My country needs me.

Yep. My country needs a sporting hero and I owe it to my fellow countrymen to get myself off my backside and start to bring a little cheer to the miserable lives of the people in England. Especially those in Birmingham and Yorkshire who have a miserable existence anyway.

"But where have you been Ron?" I hear you say. "And are you still up for that Olympic Gold in 2012?" Well I've been lots of places my little Ronettes but I can assure you, the dream is still very much alive.

There has been a little hiccup in the old training regime department though - which is why never a truer word was spoken when I say "I'm back - and bigger than ever". You see my athletic life simply wasn't paying the bills so the Half Share in the House delivered an ultimatum - either I got a real job or she scarpered. I mulled that one over for a while then realised that even for no other reason than I'd be guaranteed clean socks once a fortnight, it was probably worth getting some work.

So that's how I ended up working at the local biscuit factory. For the first couple of weeks I was in charge of putting the jam in Jammy Dodgers - and, well I just couldn't resist having a nibble or two. And although I've progressed through to Dunk testing Digestives and onto spreading the vanilla in Vanilla Creams, I've been unable to resist the temptations -and I've packed on the weight.

But you can't hold back a good athlete.

I've found myself assuming what can only be described as an Ambassadorial role - and I've visited a few countries to greet and meet some of my overseas fans.

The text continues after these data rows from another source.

(* Consider mixture models with $G$ and $G-1$ components for data $Y=(Y_1,\dots,Y_n)$, with marginal likelihoods $Z(G)$ and $Z(G-1)$. Suppose the proportions have a Dirichlet$(e_1,\dots,e_G)$ prior, $e_g>0$ (and Dirichlet$(e_1,\dots,e_{G-1})$ in the $(G-1)$-component model), the component parameters $\xi_1,\dots,\xi_G$ are a priori independent with a prior that does not depend on the total number of components, and the prior of the $G$-component model is invariant under relabelling of components. Let $\theta^{(1)},\dots,\theta^{(T)}$ be posterior draws in the $G$-component model and define $$\hat z^{(t)}_{i,g}=\frac{\tau_g^{(t)}f(Y_i;\xi_g^{(t)})}{\sum_{\tilde g=1}^G\tau^{(t)}_{\tilde g}f(Y_i;\xi^{(t)}_{\tilde g})},\qquad \hat p_0(G)=\frac1G\sum_{g=1}^G\frac1T\sum_{t=1}^T\prod_{i=1}^n\bigl(1-\hat z^{(t)}_{i,g}\bigr).$$ If $\hat Z(G-1)$ is a consistent estimator of $Z(G-1)$ and $\hat p_0(G)$ is a consistent estimator of its posterior mean $p_0(G)=\mathrm E[\frac1G\sum_g\prod_i(1-z_{i,g})\mid Y]$, assumed positive, then $$\hat Z(G)=\frac{\Gamma\bigl(\sum_{g=1}^Ge_g\bigr)\Gamma\bigl(n+\sum_{g=1}^{G-1}e_g\bigr)}{\Gamma\bigl(n+\sum_{g=1}^Ge_g\bigr)\Gamma\bigl(\sum_{g=1}^{G-1}e_g\bigr)}\cdot\hat Z(G-1)\cdot\frac{1}{\hat p_0(G)}$$ is a consistent estimator of $Z(G)$. Moreover $p_0(G)$ equals the posterior probability that component $G$ is empty (i.e. that no observation is allocated to it).
   Context: Mixture model: $Y_i$ i.i.d. with density $\sum_{g=1}^G\tau_g f(\cdot;\xi_g)$; equivalently, latent allocations $C_i\mid\tau\sim\mathrm{Multinom}_G(1,\tau)$ i.i.d. and $Y_i\mid\xi,C_{i,g}=1\sim f(\cdot;\xi_g)$. $z_{i,g}$ denotes the quantity $\hat z_{i,g}$ evaluated at a generic parameter $\theta$ (the conditional probability that $C_{i,g}=1$ given $Y,\theta$). Consistency is as the simulation size $T\to\infty$. *)

theory Defs
  imports "HOL-Probability.Probability"
begin

text \<open>Components are indexed 0,...,G-1; the paper's component G is index G-1.
  A parameter is theta = (tau, xi) with tau, xi extensional functions on {..<G}.\<close>

definition tau_of :: "nat \<Rightarrow> (nat \<Rightarrow> real) \<Rightarrow> nat \<Rightarrow> real" where
  "tau_of G u = (\<lambda>g\<in>{..<G}. if g < G - 1 then u g else 1 - (\<Sum>h<G - 1. u h))"

text \<open>Dirichlet(e_0,...,e_{G-1}) density w.r.t. Lebesgue measure on the first G-1 coordinates.\<close>
definition dirichlet_dens :: "nat \<Rightarrow> (nat \<Rightarrow> real) \<Rightarrow> (nat \<Rightarrow> real) \<Rightarrow> real" where
  "dirichlet_dens G e u =
     (if (\<forall>g<G - 1. 0 \<le> u g) \<and> (\<Sum>g<G - 1. u g) \<le> 1
      then Gamma (\<Sum>g<G. e g) / (\<Prod>g<G. Gamma (e g)) * (\<Prod>g<G. tau_of G u g powr (e g - 1))
      else 0)"

definition dirichlet_measure :: "nat \<Rightarrow> (nat \<Rightarrow> real) \<Rightarrow> (nat \<Rightarrow> real) measure" where
  "dirichlet_measure G e =
     distr (density (PiM {..<G - 1} (\<lambda>_. lborel)) (\<lambda>u. ennreal (dirichlet_dens G e u)))
           (PiM {..<G} (\<lambda>_. borel)) (tau_of G)"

I'll bring you news of some of my adventures in due course - and mark my words there have been some! - but take a look at this list of places that your man here has been seen in:

Norway - for the Arctic Circle
Luxembourg - for the Route du Vin
Amsterdam - for ... well never mind what for
Arnhem - for a quick scoot around
Amsterdam - again, this time for the Marathon
Arnhem - again - for a bizarre race in the dark
France - for a 10K run in the country.

I've only taken part in a couple of UK races since the summer - and pretty disastrous they were too. But I'm now back in training - because 2008 is going to be a huge year for your man here.

Let's see if this little lot indicates how serious my Olympic training is set to become - I'm in for the Paris Marathon in April, I'm in for the Midnight Sun Marathon some 300 miles north of the Arctic Circle in June - and I'm looking at possibly doing the Himalayas 100 Mile run next November.

So, as you can see, once an athlete, always an athlete.

So let's get together again shall we? I'll bring you news of my adventures to date over the course of this week - in the meantime, I'll be sharing with you, once again, my life as an athletic superstar.

Oh - it's great to be back.

Keep on tapering

Ron

Wednesday, November 21, 2007

I'm back!!! And I'm bigger than ever!!

You won't believe what I've been up to for the last three months.

Well bring up a chair - because coming soon (before this Saturday if my Probabtion Officer agrees) you're going to be as excited as I am when you read all my news from the last few weeks.

And, don't worry, that Olympic dream is alive and well.